In today's environment, many businesses start off as just a "brick-and-mortar" business (a business that has a physical location, as opposed to an virtual or online presence). The inference is that we may start off with a physical hardware store and later on, we may decide to create an online store to work in conjunction with the physical store. As we design this program, we should design a program that can "go from a scooter to a race car without growing warts." What this means is that if the design does not allow for the possibility of a greater workload and/or added functionality, we end up with a program that is usually error prone.

Our program design should allow for scalability, which means an increase in volume. If you visit a "Ma and Pop" store, there is probably just one cash register/program accessing the data file. However, if you visit a home improvement store, you will note that there may be ten to twenty cash registers and/or displays, which all are capable of accessing the data. A hardware store is a hardware store, so our design should allow for the growth from one to twenty.

Another point to consider: what happens when simultaneous accesses to the data are occurring? How does the programmer protect against data corruption? Data corruption occurs when the same data is being changed at the same time. The key, in this case, is the capability to read a file for read-and-update. The read-and-update function on a file is a lock that allows one requester at a time to access (write to) a file. Multiple simultaneous accesses implies multi-threading and perhaps a client-server application.

Our application design should allow for extensibility and scalability so we can modify our program at some future date to make it a multi-threaded client-server application. For this tutorial, our application will be single-threaded and it will only have to accommodate one file access at a time. However, proper use of classes and objects will allow for easier modifications to handle scalability issues in the future. Clue: Classes consist of attributes (data) and behaviors (methods). Don't try to embed multiple behaviors in a single method.

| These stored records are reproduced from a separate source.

lemma has_walk_Suc_iff:
  "has_walk n S T (Suc i) u v \<longleftrightarrow> (\<exists>x. toep_arc n S T u x \<and> has_walk n S T i x v)"
proof
  assume "has_walk n S T (Suc i) u v"
  then obtain w where w: "w 0 = u" "w (Suc i) = v" "\<forall>k<Suc i. toep_arc n S T (w k) (w (Suc k))"
    unfolding has_walk_def by blast
  then have "has_walk n S T i (w 1) v"
    unfolding has_walk_def by (intro exI[of _ "\<lambda>k. w (Suc k)"]) auto
  moreover have "toep_arc n S T u (w 1)" using w by fastforce
  ultimately show "\<exists>x. toep_arc n S T u x \<and> has_walk n S T i x v" by blast
next
  assume "\<exists>x. toep_arc n S T u x \<and> has_walk n S T i x v"
  then obtain x w where "toep_arc n S T u x" "w 0 = x" "w i = v"
      "\<forall>k<i. toep_arc n S T (w k) (w (Suc k))"
    unfolding has_walk_def by blast
  then show "has_walk n S T (Suc i) u v"
    unfolding has_walk_def
    by (intro exI[of _ "\<lambda>k. case k of 0 \<Rightarrow> u | Suc k \<Rightarrow> w k"]) (auto split: nat.split)
qed

lemma has_walk_append:
  "has_walk n S T i u x \<Longrightarrow> has_walk n S T j x v \<Longrightarrow> has_walk n S T (i + j) u v"
  by (induction i arbitrary: u) (auto simp: has_walk_Suc_iff)

lemma has_walk_mono:
  "has_walk n S T i u v \<Longrightarrow> S \<subseteq> S' \<Longrightarrow> T \<subseteq> T' \<Longrightarrow> has_walk n S' T' i u v"
  unfolding has_walk_def toep_arc_def by blast

lemma has_walk_reflect:
  assumes "has_walk n T S i (int n + 1 - u) (int n + 1 - v)"
  shows "has_walk n S T i u v"
proof -
  obtain w where "w 0 = int n + 1 - u" "w i = int n + 1 - v"
      "\<forall>k<i. toep_arc n T S (w k) (w (Suc k))"
    using assms unfolding has_walk_def by blast
  then show ?thesis
    unfolding has_walk_def toep_arc_def
    by (intro exI[of _ "\<lambda>k. int n + 1 - w k"]) auto
qed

Design Point Two: Adding a Menu

Design Point: The application should use a menu bar and menu items to show the various options.

I like to add a call to a setupMenu() method from the MyApp() constructor and an inner class to handle the events resulting from the menu. The pseudocode for the setupMenu() method is as follows:



   
/** this is a template for an application */

public MyApp extends JFrame {
   class level variables

   public MyApp() {
      ...
     /** Call the setupMenu() method to create the menubar 
      *  Menu and menu items */

      setupMenu() ;
   }
 
   public setupMenu() {
       /** Create the menubar */
      

      /** Add the menubar to the frame */
      

      /** Create the File menu and add it to the menubar  */
      
      /** Create the Edit menu and add it to the menubar  */

      /** Create the View menu and add it to the menubar  */

      /** Create the Help menu and add it to the menubar  */

      /** Create the About menu and add it to the menubar  */
   }
 
   public static void main( String args[] ) {
      ...
   }

   private MyInner Classes() {
      ...
   }

   class MenuHandler implements ActionListener {
      public void actionPerformed( ActionEvent e )  {

         
      }
   }
}

   

Figure 3: Pseudocode for the setupMenu() method


Design Point Three: Views and a Shopping Cart

Views are ways to see or present data. We could use a listbox to present the data. Listbox's are useable when we want to present n rows and one column. However, if we want to present n rows and m columns, we should prefer using a JTable. With a JTable, we can build an application as complicated as a spreadsheet application, where we can edit each cell. Our application is not going to be as complicated as a spreadsheet application. We want to restrict who can update the data; therefore, making all of the cells not-editable will help in making the data more secure.

The JTable is a very powerful class. JTable has several constructors that you can use; however, there are two that we will consider for this tutorial.

  
JTable(int numRows, int numColumns)
          Constructs a JTable with numRows and numColumns 
           of empty cells using the DefaultTableModel.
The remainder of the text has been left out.